PROBLEM STATEMENT :: Your task is to copy the stretch of lines in the records below that begins with the line containing "market \<Rightarrow> real \<Rightarrow> real" and ends with the line containing "real) \<Rightarrow> ('n, 'd) policy", exactly as written, with nothing added.

RECORDS PROVIDED ::
(* A function $g\in\mathcal{G}$ is slow-jumping if and only if there exists a sub-polynomial function $h$ such that for all positive integers $x<y$ we have $g(y)\le \lfloor y/x\rfloor^2\, h(\lfloor y/x\rfloor x)\, g(x)$.
   Context: $\mathcal{G}=\{g:\mathbb{Z}_{\ge0}\to\mathbb{R}: g(0)=0,\ g(1)=1,\ g(x)>0\ \forall x>0\}$. A function $f:\mathbb{R}_{\ge0}\to\mathbb{R}_{\ge0}$ is sub-polynomial if for every $\alpha>0$, $\lim_{x\to\infty}x^\alpha f(x)=\infty$ and $\lim_{x\to\infty}x^{-\alpha}f(x)=0$. $g$ is slow-jumping if for every $\alpha>0$ there is $N>0$ such that for all positive integers $x<y$ with $y\ge N$, $g(y)\le \lfloor y/x\rfloor^{2+\alpha}x^\alpha g(x)$. *)

theory Defs
  imports Complex_Main
begin

definition class_G :: "(nat \<Rightarrow> real) set" where
  "class_G = {g. g 0 = 0 \<and> g 1 = 1 \<and> (\<forall>x>0. g x > 0)}"

text \<open>A function from the nonnegative reals to the nonnegative reals, represented as a
  real function whose values on negative arguments are irrelevant.\<close>
definition sub_polynomial :: "(real \<Rightarrow> real) \<Rightarrow> bool" where
  "sub_polynomial f \<longleftrightarrow>
     (\<forall>x\<ge>0. f x \<ge> 0) \<and>
     (\<forall>\<alpha>>0. filterlim (\<lambda>x. x powr \<alpha> * f x) at_top at_top \<and>
             ((\<lambda>x. x powr (-\<alpha>) * f x) \<longlongrightarrow> 0) at_top)"

definition slow_jumping :: "(nat \<Rightarrow> real) \<Rightarrow> bool" where
  "slow_jumping g \<longleftrightarrow>
     (\<forall>\<alpha>>0. \<exists>N::nat>0. \<forall>x y::nat. 0 < x \<and> x < y \<and> y \<ge> N \<longrightarrow>
        g y \<le> real (y div x) powr (2 + \<alpha>) * real x powr \<alpha> * g x)"

end

theory Submission
  imports Defs "HOL-Real_Asymp.Real_Asymp"
begin

text \<open>With \<open>q = y div x\<close> and \<open>n = q x\<close> we always have \<open>n \<le> y < 2 n\<close>, so a bound in terms of
  \<open>n\<close> is a bound in terms of \<open>y\<close> up to a factor 2. Slow jumping says precisely that the
  jump ratio \<open>g y / (q\<^sup>2 g x)\<close> is eventually at most \<open>n\<^sup>\<alpha>\<close> for every \<open>\<alpha> > 0\<close>. Hence any
  sub-polynomial majorant \<open>h\<close> of the ratio as a function of \<open>n\<close> gives slow jumping, and
  conversely the smallest majorant (the maximum of the finitely many ratios with a given
  \<open>n\<close>, and at least 1) is sub-polynomial.\<close>

lemma less_twice_div_mult:
  fixes x y :: nat
  assumes "0 < x" "x \<le> y"
  shows "y < 2 * (y div x * x)"
proof -
  have "1 \<le> y div x" using assms by (simp add: div_greater_zero_iff Suc_le_eq)
  have "y < (y div x + 1) * x"
    using assms by (metis add.commute div_mult_mod_eq mod_less_divisor mult_Suc
        nat_add_left_cancel_less plus_1_eq_Suc)
  also have "\<dots> \<le> 2 * (y div x * x)" using \<open>1 \<le> y div x\<close> by simp
  finally show ?thesis .
qed

definition jump_ratio :: "(nat \<Rightarrow> real) \<Rightarrow> nat \<Rightarrow> nat \<Rightarrow> real" where
  "jump_ratio g x y = g y / (real (y div x) ^ 2 * g x)"

lemma le_jump_bound_iff_jump_ratio_le:
  fixes x y :: nat
  assumes "g x > 0" "0 < x" "x \<le> y"
  shows "g y \<le> real (y div x) ^ 2 * c * g x \<longleftrightarrow> jump_ratio g x y \<le> c"
proof -
  have "real (y div x) > 0" using assms by (simp add: div_greater_zero_iff)
  then show ?thesis
    using assms(1) by (simp add: jump_ratio_def pos_divide_le_eq mult_ac)
qed

lemma powr_two_plus_mult_powr:
  fixes q x :: nat and a :: real
  assumes "q > 0"
  shows "real q powr (2 + a) * real x powr a = real q ^ 2 * real (q * x) powr a"
  using assms by (simp add: powr_add powr_realpow powr_mult)

lemma slow_jumping_iff_jump_ratio:
  assumes pos: "\<forall>x>0. g x > 0"
  shows "slow_jumping g \<longleftrightarrow>
    (\<forall>a>0. \<exists>N::nat>0. \<forall>x y. 0 < x \<and> x < y \<and> N \<le> y \<longrightarrow>
       jump_ratio g x y \<le> real (y div x * x) powr a)"
proof -
  have "g y \<le> real (y div x) powr (2 + a) * real x powr a * g x \<longleftrightarrow>
        jump_ratio g x y \<le> real (y div x * x) powr a" if "0 < x" "x < y" for x y :: nat and a
    using that pos le_jump_bound_iff_jump_ratio_le[of g x y]
      powr_two_plus_mult_powr[of "y div x" a x]
    by (simp add: div_greater_zero_iff)
  then show ?thesis unfolding slow_jumping_def by meson
qed

definition jump_pairs :: "nat \<Rightarrow> (nat \<times> nat) set" where
  "jump_pairs n = {(x, y). 0 < x \<and> x < y \<and> y div x * x = n}"

lemma finite_jump_pairs: "finite (jump_pairs n)"
proof (rule finite_subset)
  show "jump_pairs n \<subseteq> {..2*n} \<times> {..2*n}"
  proof (rule subrelI)
    fix x y assume "(x, y) \<in> jump_pairs n"
    then have "0 < x" "x < y" "y div x * x = n" by (simp_all add: jump_pairs_def)
    then show "(x, y) \<in> {..2*n} \<times> {..2*n}" using less_twice_div_mult[of x y] by simp
  qed
qed simp

definition jump_envelope :: "(nat \<Rightarrow> real) \<Rightarrow> real \<Rightarrow> real" where
  "jump_envelope g t = Max (insert 1 ((\<lambda>(x, y). jump_ratio g x y) ` jump_pairs (nat \<lfloor>t\<rfloor>)))"

lemma one_le_jump_envelope: "1 \<le> jump_envelope g t"
  by (simp add: jump_envelope_def finite_jump_pairs)

lemma jump_ratio_le_jump_envelope:
  assumes "0 < x" "x < y"
  shows "jump_ratio g x y \<le> jump_envelope g (real (y div x * x))"
proof -
  have "(x, y) \<in> jump_pairs (y div x * x)" using assms by (simp add: jump_pairs_def)
  then have "jump_ratio g x y \<in> (\<lambda>(x, y). jump_ratio g x y) ` jump_pairs (y div x * x)"
    by (rule rev_image_eqI) simp
  then show ?thesis
    unfolding jump_envelope_def floor_of_nat nat_int
    by (intro Max_ge) (simp_all add: finite_jump_pairs)
qed

lemma jump_envelope_le_powr:
  assumes bound: "\<And>x y. 0 < x \<Longrightarrow> x < y \<Longrightarrow> N \<le> y \<Longrightarrow>
      jump_ratio g x y \<le> real (y div x * x) powr a"
    and "a \<ge> 0" "N > 0" "real N \<le> t"
  shows "jump_envelope g t \<le> t powr a"
proof -
  define n where "n = nat \<lfloor>t\<rfloor>"
  have "1 \<le> t" "N \<le> n" "real n \<le> t" using assms(3,4) unfolding n_def by linarith+
  have "jump_ratio g x y \<le> t powr a" if "(x, y) \<in> jump_pairs n" for x y
  proof -
    have xy: "0 < x" "x < y" "y div x * x = n" using that by (auto simp: jump_pairs_def)
    then have "N \<le> y" using \<open>N \<le> n\<close> div_times_less_eq_dividend[of y x] by linarith
    then have "jump_ratio g x y \<le> real n powr a" using bound xy by metis
    also have "\<dots> \<le> t powr a" using \<open>real n \<le> t\<close> \<open>a \<ge> 0\<close> by (simp add: powr_mono2)
    finally show ?thesis .
  qed
  moreover have "1 \<le> t powr a" using \<open>1 \<le> t\<close> \<open>a \<ge> 0\<close> by (simp add: ge_one_powr_ge_zero)
  ultimately show ?thesis
    unfolding jump_envelope_def n_def[symmetric]
    by (intro Max.boundedI) (auto simp: finite_jump_pairs)
qed

lemma sub_polynomialI:
  assumes ge1: "\<And>t. 1 \<le> f t"
    and le_powr: "\<And>a. a > 0 \<Longrightarrow> \<forall>\<^sub>F t in at_top. f t \<le> t powr a"
  shows "sub_polynomial f"
  unfolding sub_polynomial_def
proof (intro conjI allI impI)
  fix t :: real show "0 \<le> f t" using ge1[of t] by simp
next
  fix a :: real assume "a > 0"
  have "filterlim (\<lambda>t::real. t powr a) at_top at_top" using \<open>a > 0\<close> by real_asymp
  moreover have "\<forall>\<^sub>F t in at_top. t powr a \<le> t powr a * f t"
    using ge1 by (intro always_eventually allI) (simp add: mult_le_cancel_left1)
  ultimately show "filterlim (\<lambda>t. t powr a * f t) at_top at_top"
    by (rule filterlim_at_top_mono)
next
  fix a :: real assume "a > 0"
  have nonneg: "\<forall>\<^sub>F t in at_top. 0 \<le> t powr (-a) * f t"
    using ge1 by (intro always_eventually allI) (simp add: order_trans[OF zero_le_one])
  have "\<forall>\<^sub>F t in at_top. f t \<le> t powr (a/2)" using \<open>a > 0\<close> by (intro le_powr) simp
  with eventually_gt_at_top[of 0]
  have le: "\<forall>\<^sub>F t in at_top. t powr (-a) * f t \<le> t powr (-a/2)"
  proof eventually_elim
    case (elim t)
    then have "t powr (-a) * f t \<le> t powr (-a) * t powr (a/2)" by (simp add: mult_left_mono)
    also have "\<dots> = t powr (-a/2)" using \<open>t > 0\<close> by (simp add: powr_add[symmetric])
    finally show ?case .
  qed
  have "((\<lambda>t::real. t powr (-a/2)) \<longlongrightarrow> 0) at_top" using \<open>a > 0\<close> by real_asymp
  then show "((\<lambda>t. t powr (-a) * f t) \<longlongrightarrow> 0) at_top"
    by (rule tendsto_sandwich[OF nonneg le tendsto_const])
qed

lemma sub_polynomial_eventually_le_powr:
  assumes "sub_polynomial h" "a > 0"
  shows "\<forall>\<^sub>F t in at_top. h t \<le> t powr a"
proof -
  have "((\<lambda>t. t powr (-a) * h t) \<longlongrightarrow> 0) at_top"
    using assms unfolding sub_polynomial_def by blast
  then have "\<forall>\<^sub>F t in at_top. t powr (-a) * h t < 1" by (rule order_tendstoD) simp
  with eventually_gt_at_top[of 0] show ?thesis
  proof eventually_elim
    case (elim t)
    then have "h t / t powr a < 1" by (simp add: powr_minus_divide)
    then show ?case using \<open>t > 0\<close> by (simp add: pos_divide_less_eq)
  qed
qed

lemma sub_polynomial_jump_envelope:
  assumes "\<forall>x>0. g x > 0" "slow_jumping g"
  shows "sub_polynomial (jump_envelope g)"
proof (rule sub_polynomialI[OF one_le_jump_envelope])
  fix a :: real assume "a > 0"
  moreover have "\<forall>a>0. \<exists>N::nat>0. \<forall>x y. 0 < x \<and> x < y \<and> N \<le> y \<longrightarrow>
      jump_ratio g x y \<le> real (y div x * x) powr a"
    using assms by (simp add: slow_jumping_iff_jump_ratio)
  ultimately obtain N :: nat where "N > 0" and bound: "\<And>x y. 0 < x \<Longrightarrow> x < y \<Longrightarrow> N \<le> y \<Longrightarrow>
      jump_ratio g x y \<le> real (y div x * x) powr a"
    by meson
  show "\<forall>\<^sub>F t in at_top. jump_envelope g t \<le> t powr a"
  proof (rule eventually_at_top_linorderI)
    fix t assume "real N \<le> t"
    with bound \<open>a > 0\<close> \<open>N > 0\<close> show "jump_envelope g t \<le> t powr a"
      by (intro jump_envelope_le_powr[of N g a t]) simp_all
  qed
qed

lemma slow_jumping_if_sub_polynomial_majorant:
  assumes pos: "\<forall>x>0. g x > 0" and "sub_polynomial h"
    and majorant: "\<And>x y. 0 < x \<Longrightarrow> x < y \<Longrightarrow> jump_ratio g x y \<le> h (real (y div x * x))"
  shows "slow_jumping g"
proof -
  have "\<exists>N::nat>0. \<forall>x y. 0 < x \<and> x < y \<and> N \<le> y \<longrightarrow>
      jump_ratio g x y \<le> real (y div x * x) powr a" if "a > 0" for a
  proof -
    obtain M where M: "\<And>t. M \<le> t \<Longrightarrow> h t \<le> t powr a"
      using sub_polynomial_eventually_le_powr[OF \<open>sub_polynomial h\<close> \<open>a > 0\<close>]
      by (auto simp: eventually_at_top_linorder)
    obtain N :: nat where N: "2 * max M 1 + 1 \<le> real N" by (meson real_arch_simple)
    have "jump_ratio g x y \<le> real (y div x * x) powr a" if "0 < x" "x < y" "N \<le> y" for x y
    proof -
      have "real y < 2 * real (y div x * x)" using less_twice_div_mult[of x y] that by linarith
      then have "M \<le> real (y div x * x)" using N that(3) by linarith
      then show ?thesis using M majorant[OF that(1,2)] by (meson order_trans)
    qed
    moreover have "N > 0" using N by (cases N) auto
    ultimately show ?thesis by blast
  qed
  then show ?thesis unfolding slow_jumping_iff_jump_ratio[OF pos] by blast
qed

theorem proposition16:
  fixes g :: "nat \<Rightarrow> real"
  assumes "g \<in> class_G"
  shows "slow_jumping g \<longleftrightarrow>
    (\<exists>h. sub_polynomial h \<and>
       (\<forall>x y::nat. 0 < x \<and> x < y \<longrightarrow>
          g y \<le> real (y div x) ^ 2 * h (real ((y div x) * x)) * g x))"
proof -
  have pos: "\<forall>x>0. g x > 0" using assms by (simp add: class_G_def)
  have majorant_iff: "g y \<le> real (y div x) ^ 2 * h (real (y div x * x)) * g x \<longleftrightarrow>
      jump_ratio g x y \<le> h (real (y div x * x))" if "0 < x" "x < y" for h x y
    using le_jump_bound_iff_jump_ratio_le[of g x y] pos that by simp
  show ?thesis
  proof
    assume "slow_jumping g"
    then have "sub_polynomial (jump_envelope g)" by (rule sub_polynomial_jump_envelope[OF pos])
    then show "\<exists>h. sub_polynomial h \<and> (\<forall>x y. 0 < x \<and> x < y \<longrightarrow>
        g y \<le> real (y div x) ^ 2 * h (real (y div x * x)) * g x)"
      using majorant_iff jump_ratio_le_jump_envelope by blast
  next
    assume "\<exists>h. sub_polynomial h \<and> (\<forall>x y. 0 < x \<and> x < y \<longrightarrow>
        g y \<le> real (y div x) ^ 2 * h (real (y div x * x)) * g x)"
    then obtain h where "sub_polynomial h" and "\<forall>x y. 0 < x \<and> x < y \<longrightarrow>
        jump_ratio g x y \<le> h (real (y div x * x))"
      using majorant_iff by blast
    then show "slow_jumping g" using slow_jumping_if_sub_polynomial_majorant[OF pos] by blast
  qed
qed

end
lemma H0_le_LM:
  fixes P :: "('n::finite, 'm::finite, 'd::finite) market"
  assumes feasible: "dual_feasible P \<phi>0 W0 M" and regular: "dual_bound_regular P \<alpha> \<beta> \<gamma> \<phi>0 W0 M"
    and M_measurable: "\<And>a. a \<in> AdmG P \<phi>0 W0 \<Longrightarrow> M a \<in> borel_measurable (noise_space (horizon P))"
    and nonempty: "AdmG P \<phi>0 W0 \<noteq> {}"
  shows "H0 P \<alpha> \<beta> \<gamma> \<phi>0 W0 \<le> LM P \<alpha> \<beta> \<gamma> \<phi>0 W0 M"
  unfolding H0_def LM_def
proof (rule cSUP_least[OF nonempty])
  fix a assume a: "a \<in> AdmG P \<phi>0 W0"
  let ?N = "noise_space (horizon P) :: ('n, 'd) sample measure"
  let ?R = "reward P \<alpha> \<beta> \<gamma> \<phi>0 W0 a" and ?I = "inner_sup P \<alpha> \<beta> \<gamma> \<phi>0 W0 M"
  have R: "integrable ?N ?R" and I: "integrable ?N ?I"
    using regular a unfolding dual_bound_regular_def by auto
  have pathwise: "?R \<omega> - M a \<omega> \<le> ?I \<omega>" if "\<omega> \<in> space ?N" for \<omega>
    unfolding inner_sup_def
    using regular that a by (intro cSUP_upper) (auto simp: dual_bound_regular_def AdmG_def)
  have "(\<integral>\<^sup>+\<omega>. ennreal (- M a \<omega>) \<partial>?N) \<le> (\<integral>\<^sup>+\<omega>. ennreal (?I \<omega> - ?R \<omega>) \<partial>?N)"
    using pathwise by (intro nn_integral_mono ennreal_leI) (simp add: algebra_simps)
  moreover have "(\<integral>\<^sup>+\<omega>. ennreal (?I \<omega> - ?R \<omega>) \<partial>?N) \<noteq> \<infinity>"
    using Bochner_Integration.integrable_diff[OF I R] by (simp add: real_integrable_def)
  ultimately have finite: "(\<integral>\<^sup>+\<omega>. ennreal (- M a \<omega>) \<partial>?N) \<noteq> \<infinity>"
    by (auto simp: top_unique)
  have le: "(\<integral>\<^sup>+\<omega>. ennreal (M a \<omega>) \<partial>?N) \<le> (\<integral>\<^sup>+\<omega>. ennreal (- M a \<omega>) \<partial>?N)"
    using feasible a unfolding dual_feasible_def by blast
  note M = integrable_if_nn_integral_le[OF M_measurable[OF a] le finite]
    integral_nonpos_if_nn_integral_le[OF M_measurable[OF a] le finite]
  have "integral\<^sup>L ?N ?R \<le> integral\<^sup>L ?N (\<lambda>\<omega>. ?I \<omega> + M a \<omega>)"
    using R I M(1) pathwise by (intro integral_mono) (auto simp: algebra_simps)
  also have "\<dots> \<le> integral\<^sup>L ?N ?I"
    using I M by simp
  finally show "integral\<^sup>L ?N ?R \<le> integral\<^sup>L ?N ?I" .
qed

section \<open>The penalties\<close>

text \<open>The argument \<open>fac\<close> is the factor in front of the gradient
  of \<open>J\<^sub>k\<close>: the reference wealth to the power \<open>1 - \<gamma>\<close> in \<open>M\<^sub>1\<close>,
  and the bracket of the corrected terms in \<open>M\<^sub>2\<close>.\<close>

definition penalty_coeff_Z :: "('n::finite, 'm::finite, 'd::finite) market \<Rightarrow> real \<Rightarrow> real
     \<Rightarrow> (nat \<Rightarrow> real^'m \<Rightarrow> real) \<Rightarrow> (nat \<Rightarrow> real^'m \<Rightarrow> real^'m) \<Rightarrow> ('n, 'd) policy
     \<Rightarrow> real^'m \<Rightarrow> real \<Rightarrow> (nat \<Rightarrow> ('n, 'd) sample \<Rightarrow> real) \<Rightarrow> ('n, 'd) policy
     \<Rightarrow> nat \<Rightarrow> ('n, 'd) sample \<Rightarrow> real^'n" where
  "penalty_coeff_Z P \<beta> \<gamma> J gJ ahat \<phi>0 W0 fac a k \<omega> =
     (let \<phi> = state P \<phi>0 \<omega> k; Wb = wealth P \<phi>0 W0 ahat \<omega> k in
      (\<beta> powr (real k * dt P) * sqrt (dt P)) *\<^sub>R
        (fac k \<omega> *\<^sub>R (gJ k \<phi> v* sigphi1 P k \<phi>)
         + ((1 - \<gamma>) * Wb powr (- \<gamma>) * J k \<phi>) *\<^sub>R (fst (a k \<omega>) v* vol P k \<phi>)))"

definition penalty_coeff_Zt :: "('n::finite, 'm::finite, 'd::finite) market \<Rightarrow> real
     \<Rightarrow> (nat \<Rightarrow> real^'m \<Rightarrow> real^'m) \<Rightarrow> real^'m \<Rightarrow> (nat \<Rightarrow> ('n, 'd) sample \<Rightarrow> real)
     \<Rightarrow> nat \<Rightarrow> ('n, 'd) sample \<Rightarrow> real^'d" where
  "penalty_coeff_Zt P \<beta> gJ \<phi>0 fac k \<omega> =
     (let \<phi> = state P \<phi>0 \<omega> k in
      (\<beta> powr (real k * dt P) * sqrt (dt P) * fac k \<omega>) *\<^sub>R (gJ k \<phi> v* sigphi2 P k \<phi>))"

definition reference_wealth_factor :: "('n::finite, 'm::finite, 'd::finite) market \<Rightarrow> real
     \<Rightarrow> ('n, 'd) policy \<Rightarrow> real^'m \<Rightarrow> real \<Rightarrow> nat \<Rightarrow> ('n, 'd) sample \<Rightarrow> real" where
  "reference_wealth_factor P \<gamma> ahat \<phi>0 W0 k \<omega> = wealth P \<phi>0 W0 ahat \<omega> k powr (1 - \<gamma>)"

definition corrected_wealth_factor :: "('n::finite, 'm::finite, 'd::finite) market \<Rightarrow> real
     \<Rightarrow> ('n, 'd) policy \<Rightarrow> real^'m \<Rightarrow> real \<Rightarrow> ('n, 'd) policy \<Rightarrow> nat \<Rightarrow> ('n, 'd) sample \<Rightarrow> real" where
  "corrected_wealth_factor P \<gamma> ahat \<phi>0 W0 a k \<omega> =
     (let Wb = wealth P \<phi>0 W0 ahat \<omega> k in
      if k = 0 then Wb powr (1 - \<gamma>)
      else Wb powr (1 - \<gamma>) + (1 - \<gamma>) * Wb powr (- \<gamma>) *
        ((\<Sum>i\<in>UNIV. (ret P \<phi>0 \<omega> k $ i - Rf P) * (fst (a (k - 1) \<omega>) $ i - fst (ahat (k - 1) \<omega>) $ i))
         - (snd (a (k - 1) \<omega>) - snd (ahat (k - 1) \<omega>))))"

lemma penalty1_eq_noise_integral:
  "penalty1 P \<beta> \<gamma> J gJ ahat \<phi>0 W0 a = noise_integral (horizon P)
     (penalty_coeff_Z P \<beta> \<gamma> J gJ ahat \<phi>0 W0 (reference_wealth_factor P \<gamma> ahat \<phi>0 W0) a)
     (penalty_coeff_Zt P \<beta> gJ \<phi>0 (reference_wealth_factor P \<gamma> ahat \<phi>0 W0))"
  unfolding penalty1_def noise_integral_def penalty_coeff_Z_def penalty_coeff_Zt_def
    reference_wealth_factor_def
  by (intro ext sum.cong refl)
    (simp add: Let_def dot_lmul_matrix[symmetric] algebra_simps)

lemma penalty2_eq_noise_integral:
  "penalty2 P \<beta> \<gamma> J gJ ahat \<phi>0 W0 a = noise_integral (horizon P)
     (penalty_coeff_Z P \<beta> \<gamma> J gJ ahat \<phi>0 W0 (corrected_wealth_factor P \<gamma> ahat \<phi>0 W0 a) a)
     (penalty_coeff_Zt P \<beta> gJ \<phi>0 (corrected_wealth_factor P \<gamma> ahat \<phi>0 W0 a))"
  unfolding penalty2_def noise_integral_def penalty_coeff_Z_def penalty_coeff_Zt_def
    corrected_wealth_factor_def
  by (intro ext sum.cong refl)
    (simp add: Let_def dot_lmul_matrix[symmetric] algebra_simps)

EXERCISE ANSWER ::
definition penalty_coeff_Z :: "('n::finite, 'm::finite, 'd::finite) market \<Rightarrow> real \<Rightarrow> real
     \<Rightarrow> (nat \<Rightarrow> real^'m \<Rightarrow> real) \<Rightarrow> (nat \<Rightarrow> real^'m \<Rightarrow> real^'m) \<Rightarrow> ('n, 'd) policy
     \<Rightarrow> real^'m \<Rightarrow> real \<Rightarrow> (nat \<Rightarrow> ('n, 'd) sample \<Rightarrow> real) \<Rightarrow> ('n, 'd) policy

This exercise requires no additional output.